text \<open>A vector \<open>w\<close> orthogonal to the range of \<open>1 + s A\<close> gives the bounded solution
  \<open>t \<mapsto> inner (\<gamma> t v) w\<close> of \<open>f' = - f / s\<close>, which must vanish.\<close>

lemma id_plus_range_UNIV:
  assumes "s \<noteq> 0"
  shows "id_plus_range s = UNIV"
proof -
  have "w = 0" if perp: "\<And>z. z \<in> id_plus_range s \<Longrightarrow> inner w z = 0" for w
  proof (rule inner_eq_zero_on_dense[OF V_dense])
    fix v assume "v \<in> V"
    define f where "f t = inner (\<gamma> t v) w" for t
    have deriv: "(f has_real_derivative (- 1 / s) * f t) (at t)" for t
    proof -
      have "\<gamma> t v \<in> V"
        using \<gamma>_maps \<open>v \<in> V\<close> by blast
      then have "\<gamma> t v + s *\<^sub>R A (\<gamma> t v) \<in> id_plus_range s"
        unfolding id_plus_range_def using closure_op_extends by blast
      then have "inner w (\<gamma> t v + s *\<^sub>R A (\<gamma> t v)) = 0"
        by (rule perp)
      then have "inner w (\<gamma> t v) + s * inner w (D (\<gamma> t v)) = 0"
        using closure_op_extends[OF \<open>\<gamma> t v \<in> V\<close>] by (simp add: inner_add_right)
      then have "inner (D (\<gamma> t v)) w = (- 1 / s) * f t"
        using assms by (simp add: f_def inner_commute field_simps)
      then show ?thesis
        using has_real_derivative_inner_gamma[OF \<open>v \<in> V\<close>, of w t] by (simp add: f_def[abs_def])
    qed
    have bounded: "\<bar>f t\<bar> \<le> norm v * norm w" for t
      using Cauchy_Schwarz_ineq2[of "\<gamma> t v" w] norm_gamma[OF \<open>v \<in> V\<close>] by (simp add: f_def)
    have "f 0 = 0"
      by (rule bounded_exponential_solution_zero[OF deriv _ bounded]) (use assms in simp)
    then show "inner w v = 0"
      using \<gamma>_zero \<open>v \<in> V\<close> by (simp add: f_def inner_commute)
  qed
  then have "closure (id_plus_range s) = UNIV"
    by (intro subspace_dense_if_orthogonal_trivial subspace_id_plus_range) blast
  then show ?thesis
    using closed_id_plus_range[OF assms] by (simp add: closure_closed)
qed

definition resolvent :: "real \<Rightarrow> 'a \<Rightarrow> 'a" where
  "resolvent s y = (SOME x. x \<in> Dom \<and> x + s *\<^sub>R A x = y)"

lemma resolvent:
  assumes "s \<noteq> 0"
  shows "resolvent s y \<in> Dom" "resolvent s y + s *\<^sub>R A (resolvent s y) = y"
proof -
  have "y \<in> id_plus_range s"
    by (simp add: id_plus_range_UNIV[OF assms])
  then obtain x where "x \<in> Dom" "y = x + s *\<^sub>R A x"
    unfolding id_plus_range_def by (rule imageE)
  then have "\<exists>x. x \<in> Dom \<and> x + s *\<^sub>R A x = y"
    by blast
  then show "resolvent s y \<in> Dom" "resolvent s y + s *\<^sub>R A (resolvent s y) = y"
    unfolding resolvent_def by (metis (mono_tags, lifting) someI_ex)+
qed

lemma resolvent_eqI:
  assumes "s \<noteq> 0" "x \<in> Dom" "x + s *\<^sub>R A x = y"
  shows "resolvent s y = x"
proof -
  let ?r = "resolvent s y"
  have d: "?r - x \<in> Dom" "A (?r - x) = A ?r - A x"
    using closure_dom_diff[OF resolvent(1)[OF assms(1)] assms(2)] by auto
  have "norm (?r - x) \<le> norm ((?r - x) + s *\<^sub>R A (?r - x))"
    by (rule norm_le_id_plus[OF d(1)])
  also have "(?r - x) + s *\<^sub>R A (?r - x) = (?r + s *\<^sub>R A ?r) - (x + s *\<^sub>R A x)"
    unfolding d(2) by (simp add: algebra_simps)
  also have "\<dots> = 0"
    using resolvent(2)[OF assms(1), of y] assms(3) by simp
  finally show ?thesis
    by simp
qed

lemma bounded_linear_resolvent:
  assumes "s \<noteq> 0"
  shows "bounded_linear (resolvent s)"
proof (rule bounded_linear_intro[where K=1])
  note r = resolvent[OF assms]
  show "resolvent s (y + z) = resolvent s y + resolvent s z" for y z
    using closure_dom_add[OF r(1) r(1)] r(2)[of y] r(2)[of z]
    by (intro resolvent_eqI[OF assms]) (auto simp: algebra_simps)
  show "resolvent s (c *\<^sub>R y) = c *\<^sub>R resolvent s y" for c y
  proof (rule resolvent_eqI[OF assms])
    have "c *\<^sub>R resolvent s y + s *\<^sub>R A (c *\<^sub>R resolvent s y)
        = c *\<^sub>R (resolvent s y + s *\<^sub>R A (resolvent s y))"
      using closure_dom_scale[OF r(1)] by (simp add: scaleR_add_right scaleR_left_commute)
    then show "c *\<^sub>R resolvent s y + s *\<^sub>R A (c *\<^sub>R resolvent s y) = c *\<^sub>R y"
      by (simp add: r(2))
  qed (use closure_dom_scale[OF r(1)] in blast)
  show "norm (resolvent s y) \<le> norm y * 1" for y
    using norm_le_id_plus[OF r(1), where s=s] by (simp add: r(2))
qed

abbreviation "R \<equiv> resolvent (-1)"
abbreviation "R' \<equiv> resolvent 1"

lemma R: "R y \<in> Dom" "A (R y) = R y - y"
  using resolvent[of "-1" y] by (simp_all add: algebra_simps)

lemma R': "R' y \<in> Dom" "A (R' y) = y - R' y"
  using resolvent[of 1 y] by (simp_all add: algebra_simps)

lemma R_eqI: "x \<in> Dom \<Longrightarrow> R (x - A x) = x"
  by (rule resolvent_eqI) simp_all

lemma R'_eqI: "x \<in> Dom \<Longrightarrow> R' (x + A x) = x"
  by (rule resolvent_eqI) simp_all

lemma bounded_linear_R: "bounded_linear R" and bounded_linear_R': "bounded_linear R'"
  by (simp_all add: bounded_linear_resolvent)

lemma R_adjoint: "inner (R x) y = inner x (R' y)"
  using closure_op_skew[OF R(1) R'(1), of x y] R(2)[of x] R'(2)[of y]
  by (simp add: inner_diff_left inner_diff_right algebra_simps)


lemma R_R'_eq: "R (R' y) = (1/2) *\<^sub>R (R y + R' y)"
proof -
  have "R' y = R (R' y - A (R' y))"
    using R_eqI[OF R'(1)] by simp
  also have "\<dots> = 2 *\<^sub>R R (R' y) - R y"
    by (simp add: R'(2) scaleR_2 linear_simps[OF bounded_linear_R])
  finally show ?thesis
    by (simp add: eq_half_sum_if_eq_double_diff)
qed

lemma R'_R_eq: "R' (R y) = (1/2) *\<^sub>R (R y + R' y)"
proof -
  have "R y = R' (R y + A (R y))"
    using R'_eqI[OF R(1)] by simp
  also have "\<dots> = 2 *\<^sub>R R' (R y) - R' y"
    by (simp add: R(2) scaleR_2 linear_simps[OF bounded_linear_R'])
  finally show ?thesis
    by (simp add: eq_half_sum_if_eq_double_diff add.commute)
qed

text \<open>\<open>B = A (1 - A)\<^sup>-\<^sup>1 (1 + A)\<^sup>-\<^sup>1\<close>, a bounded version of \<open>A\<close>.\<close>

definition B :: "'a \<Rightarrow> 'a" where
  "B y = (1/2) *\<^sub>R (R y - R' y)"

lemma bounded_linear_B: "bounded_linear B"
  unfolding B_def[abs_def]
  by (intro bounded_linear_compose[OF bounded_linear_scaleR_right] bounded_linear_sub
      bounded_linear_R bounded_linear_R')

◆ ◆ ◆ ◆ ◆ ◆ ◆

## WHAT THIS TASK INVOLVES
Quote, word for word, every line from the top of the entries through the line that holds "z \<in> id_plus_range".

## WORKED SOLUTION
text \<open>A vector \<open>w\<close> orthogonal to the range of \<open>1 + s A\<close> gives the bounded solution
  \<open>t \<mapsto> inner (\<gamma> t v) w\<close> of \<open>f' = - f / s\<close>, which must vanish.\<close>

lemma id_plus_range_UNIV:
  assumes "s \<noteq> 0"
  shows "id_plus_range s = UNIV"
proof -
  have "w = 0" if perp: "\<And>z. z \<in> id_plus_range s \<Longrightarrow> inner w z = 0" for w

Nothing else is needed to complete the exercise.